As a result of the change in the reported market categories, the revenue reported for the years ended December 31, 2010 and 2009 under the previous primary market categorization was reclassified to conform to the revenue presentation for the year ended December 31, 2011. This reclassification did not impact the Company's previously reported net revenues, operating income, net income, or earnings per share.

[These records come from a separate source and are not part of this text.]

lemma edge_rtranclp_insert:
  fixes S :: "'a set set"
  defines "R \<equiv> \<lambda>x y. {x, y} \<in> S"
  shows "(\<lambda>x y. {x, y} \<in> insert {a, b} S)\<^sup>*\<^sup>* x y \<longleftrightarrow>
     R\<^sup>*\<^sup>* x y \<or> (R\<^sup>*\<^sup>* x a \<and> R\<^sup>*\<^sup>* b y) \<or> (R\<^sup>*\<^sup>* x b \<and> R\<^sup>*\<^sup>* a y)"
    (is "?R'\<^sup>*\<^sup>* x y \<longleftrightarrow> _")
proof
  assume "?R'\<^sup>*\<^sup>* x y"
  then show "R\<^sup>*\<^sup>* x y \<or> (R\<^sup>*\<^sup>* x a \<and> R\<^sup>*\<^sup>* b y) \<or> (R\<^sup>*\<^sup>* x b \<and> R\<^sup>*\<^sup>* a y)"
  proof (induction rule: rtranclp_induct)
    case (step y z)
    then have "R y z \<or> (y = a \<and> z = b) \<or> (y = b \<and> z = a)"
      unfolding R_def by (auto simp: doubleton_eq_iff)
    then show ?case
    proof (elim disjE conjE)
      assume "R y z"
      with step.IH show ?case by (meson rtranclp.rtrancl_into_rtrancl)
    qed (use step.IH in auto)
  qed simp
next
  have R_le: "R\<^sup>*\<^sup>* u v \<Longrightarrow> ?R'\<^sup>*\<^sup>* u v" for u v
    unfolding R_def by (erule rtranclp_mono[THEN predicate2D, rotated]) auto
  have "?R' a b" "?R' b a" by (auto simp: insert_commute)
  then have ab: "?R'\<^sup>*\<^sup>* a b" "?R'\<^sup>*\<^sup>* b a" by auto
  assume "R\<^sup>*\<^sup>* x y \<or> (R\<^sup>*\<^sup>* x a \<and> R\<^sup>*\<^sup>* b y) \<or> (R\<^sup>*\<^sup>* x b \<and> R\<^sup>*\<^sup>* a y)"
  then show "?R'\<^sup>*\<^sup>* x y"
    using R_le ab by (blast intro: rtranclp_trans)
qed

lemma card_edges_containing_le_fibre:
  assumes "finite X" and "Y \<subseteq> (\<lambda>x. g ` x) ` X"
  shows "card {y \<in> Y. w \<in> y} \<le> card {x \<in> X. \<exists>v\<in>x. g v = w}"
proof -
  have "{y \<in> Y. w \<in> y} \<subseteq> (\<lambda>x. g ` x) ` {x \<in> X. \<exists>v\<in>x. g v = w}"
  proof
    fix y assume "y \<in> {y \<in> Y. w \<in> y}"
    then obtain x where "x \<in> X" "y = g ` x" "w \<in> g ` x" using assms(2) by blast
    then show "y \<in> (\<lambda>x. g ` x) ` {x \<in> X. \<exists>v\<in>x. g v = w}" by auto
  qed
  then have "card {y \<in> Y. w \<in> y} \<le> card ((\<lambda>x. g ` x) ` {x \<in> X. \<exists>v\<in>x. g v = w})"
    using assms(1) by (intro card_mono) auto
  also have "\<dots> \<le> card {x \<in> X. \<exists>v\<in>x. g v = w}"
    by (rule card_image_le) (use assms(1) in auto)
  finally show ?thesis .
qed
(* There is an absolute constant $C$ such that the following holds. Let $\sigma\in(0,1]$ and let $\mathcal{I}$ be a finite set of closed intervals on the real line that all contain a common point $p$. If $\mathcal{I}$ is $\sigma$-exposed, then $|\mathcal{I}|\le C/\sigma^2$.
   Context: For sets $X, Y\subseteq\mathbb{R}^d$ and $\sigma>0$, $X$ $\sigma$-shadows $Y$ if $\max_{q\in Y} \mathrm{dist}(q, X) \le \sigma\cdot \mathrm{diam}(Y)$, where $\mathrm{dist}(q,X)=\min_{p\in X}\|q-p\|$. A set of objects is $\sigma$-exposed if no object in the set $\sigma$-shadows another (distinct) object of the set. For intervals, $I=[\ell,r]$ $\sigma$-shadows $I'$ iff $I'\subseteq[\ell-\sigma|I'|,\, r+\sigma|I'|]$, where $|I'|$ is the length of $I'$. *)

theory Defs
  imports "HOL-Analysis.Analysis"
begin

text \<open>X sigma-shadows Y: every point of Y is within sigma * diam Y of X.
  For the compact sets considered here, infdist is attained, so it is the min in the paper.\<close>
definition shadows :: "real \<Rightarrow> 'a::metric_space set \<Rightarrow> 'a set \<Rightarrow> bool" where
  "shadows \<sigma> X Y \<longleftrightarrow> (\<forall>q\<in>Y. infdist q X \<le> \<sigma> * diameter Y)"

definition exposed :: "real \<Rightarrow> 'a::metric_space set set \<Rightarrow> bool" where
  "exposed \<sigma> S \<longleftrightarrow> (\<forall>X\<in>S. \<forall>Y\<in>S. X \<noteq> Y \<longrightarrow> \<not> shadows \<sigma> X Y)"

definition closed_interval :: "real set \<Rightarrow> bool" where
  "closed_interval I \<longleftrightarrow> (\<exists>l r. l \<le> r \<and> I = {l..r})"

end

theory Submission
  imports Defs
begin

text \<open>Write each interval through \<open>p\<close> as \<open>[p - a, p + b]\<close>. As all intervals contain \<open>p\<close>,
  \<open>X\<close> can fail to \<open>\<sigma>\<close>-shadow \<open>Y\<close> only if some arm of \<open>Y\<close> exceeds the corresponding arm of \<open>X\<close>
  by more than \<open>\<sigma> |Y|\<close>. Split the family according to which arm is longer; by symmetry let
  \<open>b \<le> a\<close>, and let \<open>J\<close> have the shortest left arm \<open>a\<^sub>0\<close>. No other interval shadows \<open>J\<close>, and the
  left arm of \<open>J\<close> cannot be the one sticking out, so all right arms are shorter than \<open>b\<^sub>J \<le> a\<^sub>0\<close>.
  Of two intervals at most one sticks out of the other on the left, so their right arms differ
  by more than \<open>\<sigma> a\<^sub>0\<close>. This leaves at most \<open>1/\<sigma> + 1\<close> intervals in each half.\<close>

lemma card_separated_le:
  fixes B :: "real set"
  assumes "finite B" "B \<subseteq> {m..M}" "m \<le> M" "0 < \<delta>"
    and separated: "\<And>x y. x \<in> B \<Longrightarrow> y \<in> B \<Longrightarrow> x \<noteq> y \<Longrightarrow> \<delta> < \<bar>x - y\<bar>"
  shows "real (card B) \<le> (M - m) / \<delta> + 1"
proof -
  define cell where "cell x = nat \<lfloor>(x - m) / \<delta>\<rfloor>" for x
  have "inj_on cell B"
  proof (rule inj_onI, rule ccontr)
    fix x y assume xy: "x \<in> B" "y \<in> B" "cell x = cell y" "x \<noteq> y"
    moreover have "0 \<le> (x - m) / \<delta>" "0 \<le> (y - m) / \<delta>" using xy(1,2) assms(2,4) by auto
    ultimately have "\<lfloor>(x - m) / \<delta>\<rfloor> = \<lfloor>(y - m) / \<delta>\<rfloor>"
      by (simp add: cell_def eq_nat_nat_iff)
    then have "\<bar>(x - m) / \<delta> - (y - m) / \<delta>\<bar> < 1" by linarith
    then have "\<bar>x - y\<bar> < \<delta>" using \<open>0 < \<delta>\<close> by (simp add: diff_divide_distrib[symmetric])
    then show False using separated[OF xy(1,2,4)] by simp
  qed
  moreover have "cell ` B \<subseteq> {0..nat \<lfloor>(M - m) / \<delta>\<rfloor>}"
    using assms(2,4) by (auto simp: cell_def subset_iff intro!: nat_mono floor_mono divide_right_mono)
  ultimately have "card B \<le> nat \<lfloor>(M - m) / \<delta>\<rfloor> + 1"
    using card_mono[of "{0..nat \<lfloor>(M - m) / \<delta>\<rfloor>}" "cell ` B"] by (simp add: card_image)
  moreover have "real (nat \<lfloor>(M - m) / \<delta>\<rfloor>) \<le> (M - m) / \<delta>"
    using assms(3,4) by (simp add: of_nat_nat)
  ultimately show ?thesis by linarith
qed

lemma shadows_intervalI:
  fixes l r l' r' :: real
  assumes "0 \<le> \<sigma>" "l' \<le> r'"
    and "l - \<sigma> * (r' - l') \<le> l'" "r' \<le> r + \<sigma> * (r' - l')"
  shows "shadows \<sigma> {l..r} {l'..r'}"
  unfolding shadows_def
proof
  fix q assume q: "q \<in> {l'..r'}"
  have "infdist q {l..r} \<le> \<sigma> * (r' - l')"
  proof (cases "l \<le> q \<and> q \<le> r")
    case True
    then have "infdist q {l..r} = 0" by (intro infdist_zero) auto
    then show ?thesis using q assms(1) by simp
  next
    case False
    show ?thesis
    proof (cases "l \<le> r")
      case True
      then have "infdist q {l..r} \<le> dist q l" "infdist q {l..r} \<le> dist q r"
        by (auto intro: infdist_le)
      then show ?thesis using False q assms(3,4) by (auto simp: dist_real_def)
    qed (use q assms in \<open>simp add: infdist_def\<close>)
  qed
  then show "infdist q {l..r} \<le> \<sigma> * diameter {l'..r'}" using assms(2) by simp
qed

lemma card_exposed_arms_le:
  fixes A :: "'x set" and a b :: "'x \<Rightarrow> real"
  assumes "finite A" "0 < \<sigma>"
    and arms: "\<And>x. x \<in> A \<Longrightarrow> 0 \<le> b x \<and> b x \<le> a x"
    and escapes: "\<And>x y. x \<in> A \<Longrightarrow> y \<in> A \<Longrightarrow> x \<noteq> y \<Longrightarrow>
      a x + \<sigma> * (a y + b y) < a y \<or> b x + \<sigma> * (a y + b y) < b y"
  shows "real (card A) \<le> 1 / \<sigma> + 1"
proof (cases "A = {}")
  case True
  then show ?thesis using \<open>0 < \<sigma>\<close> by simp
next
  case False
  define J where "J = arg_min_on a A"
  have J: "J \<in> A" "\<And>y. y \<in> A \<Longrightarrow> a J \<le> a y"
    using arg_min_if_finite[OF \<open>finite A\<close> False, of a] by (auto simp: J_def not_less)
  have margin: "\<sigma> * a J \<le> \<sigma> * (a y + b y)" if "y \<in> A" for y
    using \<open>0 < \<sigma>\<close> arms[OF that] J(2)[OF that] by simp
  have "0 \<le> \<sigma> * a J" using \<open>0 < \<sigma>\<close> arms[OF J(1)] by simp
  have right_arm_le: "b y \<le> a J" if "y \<in> A" for y
  proof (cases "y = J")
    case False
    then show ?thesis
      using escapes[OF that J(1)] J(2)[OF that] margin[OF J(1)] arms[OF J(1)] \<open>0 \<le> \<sigma> * a J\<close>
      by linarith
  qed (use arms J(1) in auto)
  have separated: "\<sigma> * a J < \<bar>b y - b z\<bar>" if "y \<in> A" "z \<in> A" "y \<noteq> z" for y z
    using escapes[OF that] escapes[OF that(2,1) that(3)[symmetric]] margin[OF that(1)] margin[OF that(2)]
    by (smt (verit))
  have "inj_on b A"
    using separated \<open>0 \<le> \<sigma> * a J\<close> by (intro inj_onI) force
  have image: "b ` A \<subseteq> {0..a J}" using arms right_arm_le by auto
  have "real (card (b ` A)) \<le> 1 / \<sigma> + 1"
  proof (cases "a J = 0")
    case True
    then have "card (b ` A) \<le> card {0::real}" using image by (intro card_mono) auto
    then have "real (card (b ` A)) \<le> 1" by simp
    moreover have "0 < 1 / \<sigma>" using \<open>0 < \<sigma>\<close> by simp
    ultimately show ?thesis by linarith
  next
    case False
    then have "real (card (b ` A)) \<le> a J / (\<sigma> * a J) + 1"
      using card_separated_le[of "b ` A" 0 "a J" "\<sigma> * a J"] image separated \<open>finite A\<close>
        \<open>0 < \<sigma>\<close> arms[OF J(1)]
      by auto
    then show ?thesis using False by simp
  qed
  then show ?thesis by (simp only: card_image[OF \<open>inj_on b A\<close>])
qed

lemma card_exposed_intervals_through_point_le:
  fixes \<I> :: "real set set"
  assumes "0 < \<sigma>" "finite \<I>" and through: "\<forall>I\<in>\<I>. closed_interval I \<and> p \<in> I"
    and "exposed \<sigma> \<I>"
  shows "real (card \<I>) \<le> 2 / \<sigma> + 2"
proof -
  define a where "a I = p - Inf I" for I :: "real set"
  define b where "b I = Sup I - p" for I :: "real set"
  have arms: "I = {p - a I..p + b I}" "0 \<le> a I" "0 \<le> b I" if "I \<in> \<I>" for I
  proof -
    have "closed_interval I" "p \<in> I" using through that by auto
    then obtain l r where "l \<le> r" "I = {l..r}" "p \<in> I"
      unfolding closed_interval_def by auto
    then show "I = {p - a I..p + b I}" "0 \<le> a I" "0 \<le> b I" by (simp_all add: a_def b_def)
  qed
  have escapes: "a X + \<sigma> * (a Y + b Y) < a Y \<or> b X + \<sigma> * (a Y + b Y) < b Y"
    if "X \<in> \<I>" "Y \<in> \<I>" "X \<noteq> Y" for X Y
  proof (rule ccontr)
    assume "\<not> ?thesis"
    then have "shadows \<sigma> {p - a X..p + b X} {p - a Y..p + b Y}"
      using \<open>0 < \<sigma>\<close> arms(2,3)[OF that(2)] by (intro shadows_intervalI) (auto simp: add.commute)
    then have "shadows \<sigma> X Y" using arms(1)[OF that(1)] arms(1)[OF that(2)] by argo
    then show False using \<open>exposed \<sigma> \<I>\<close> that unfolding exposed_def by blast
  qed
  define \<L> where "\<L> = {I \<in> \<I>. b I \<le> a I}"
  define \<R> where "\<R> = {I \<in> \<I>. a I \<le> b I}"
  have "\<I> = \<L> \<union> \<R>" by (auto simp: \<L>_def \<R>_def)
  then have "card \<I> \<le> card \<L> + card \<R>" using card_Un_le[of \<L> \<R>] by simp
  moreover have "real (card \<L>) \<le> 1 / \<sigma> + 1"
    using \<open>finite \<I>\<close> \<open>0 < \<sigma>\<close> arms(3) escapes
    by (intro card_exposed_arms_le[where a = a and b = b]) (auto simp: \<L>_def)
  moreover have "real (card \<R>) \<le> 1 / \<sigma> + 1"
    using \<open>finite \<I>\<close> \<open>0 < \<sigma>\<close> arms(2) escapes
    by (intro card_exposed_arms_le[where a = b and b = a]) (auto simp: \<R>_def add.commute)
  ultimately show ?thesis by linarith
qed

theorem mainTheorem4:
  "\<exists>C::real. \<forall>(\<sigma>::real) (\<I>::real set set) (p::real).
     0 < \<sigma> \<and> \<sigma> \<le> 1 \<and> finite \<I> \<and> (\<forall>I\<in>\<I>. closed_interval I \<and> p \<in> I)
     \<and> exposed \<sigma> \<I> \<longrightarrow> real (card \<I>) \<le> C / \<sigma>\<^sup>2"
proof (intro exI[of _ 4] allI impI, elim conjE)
  fix \<sigma> :: real and \<I> :: "real set set" and p :: real
  assume "0 < \<sigma>" "\<sigma> \<le> 1" "finite \<I>" "\<forall>I\<in>\<I>. closed_interval I \<and> p \<in> I" "exposed \<sigma> \<I>"
  then have "real (card \<I>) \<le> 2 / \<sigma> + 2"
    by (intro card_exposed_intervals_through_point_le)
  also have "\<dots> \<le> 4 / \<sigma>\<^sup>2"
  proof -
    have "\<sigma>\<^sup>2 \<le> \<sigma>" "\<sigma>\<^sup>2 \<le> 1"
      using \<open>0 < \<sigma>\<close> \<open>\<sigma> \<le> 1\<close> by (simp_all add: power2_eq_square mult_le_one)
    then have "1 / \<sigma> \<le> 1 / \<sigma>\<^sup>2" "1 \<le> 1 / \<sigma>\<^sup>2"
      using \<open>0 < \<sigma>\<close> by (simp_all add: frac_le)
    then show ?thesis by simp
  qed
  finally show "real (card \<I>) \<le> 4 / \<sigma>\<^sup>2" .
qed

end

The Company’s revenue by its primary markets was as follows (in thousands):
| | Year Ended December 31, | |
| | 2011 | | | 2010 | | | 2009 | |
Mobile | | $ | 65,789 | | | $ | 10,525 | | | $ | 2,683 | |
Consumer Electronics | | | 87,922 | | | | 118,192 | | | | 97,502 | |
Personal Computers | | | 20,523 | | | | 24,124 | | | | 22,483 | |
Total product revenue | | | 174,234 | | | | 152,841 | | | | 122,668 | |
Licensing | | | 46,775 | | | | 38,506 | | | | 27,921 | |
Total revenue | | $ | 221,009 | | | $ | 191,347 | | | $ | 150,589 | |
The Company’s revenue by customers was as follows (in percentage):
| | Year Ended December 31, | |
| | 2011 | | | 2010 | | | 2009 | |
Customer A | | | 23.4 | % | | | 17.0 | % | | | |
Customer B | | | 13.8 | % | | | | | | | |
Customer C | | | 10.2 | % | | | | | | | 10.3 | % |
Customer D | | | | | | | 11.3 | % | | | | |
Customer E | | | | | | | 11.0 | % | | | 11.9 | % |
At December 31, 2011, two customers represented 17.7% and 11.9% of net accounts receivable. At December 31, 2010, two customers represented 25.7% and 17.2% of net accounts receivable. At December 31, 2009, one customer represented 10.0% of net accounts receivable. The Company’s top five customers, including distributors, generated 61.4%, 58.3% and 44.2% of the Company’s revenue in 2011, 2010 and 2009, respectively.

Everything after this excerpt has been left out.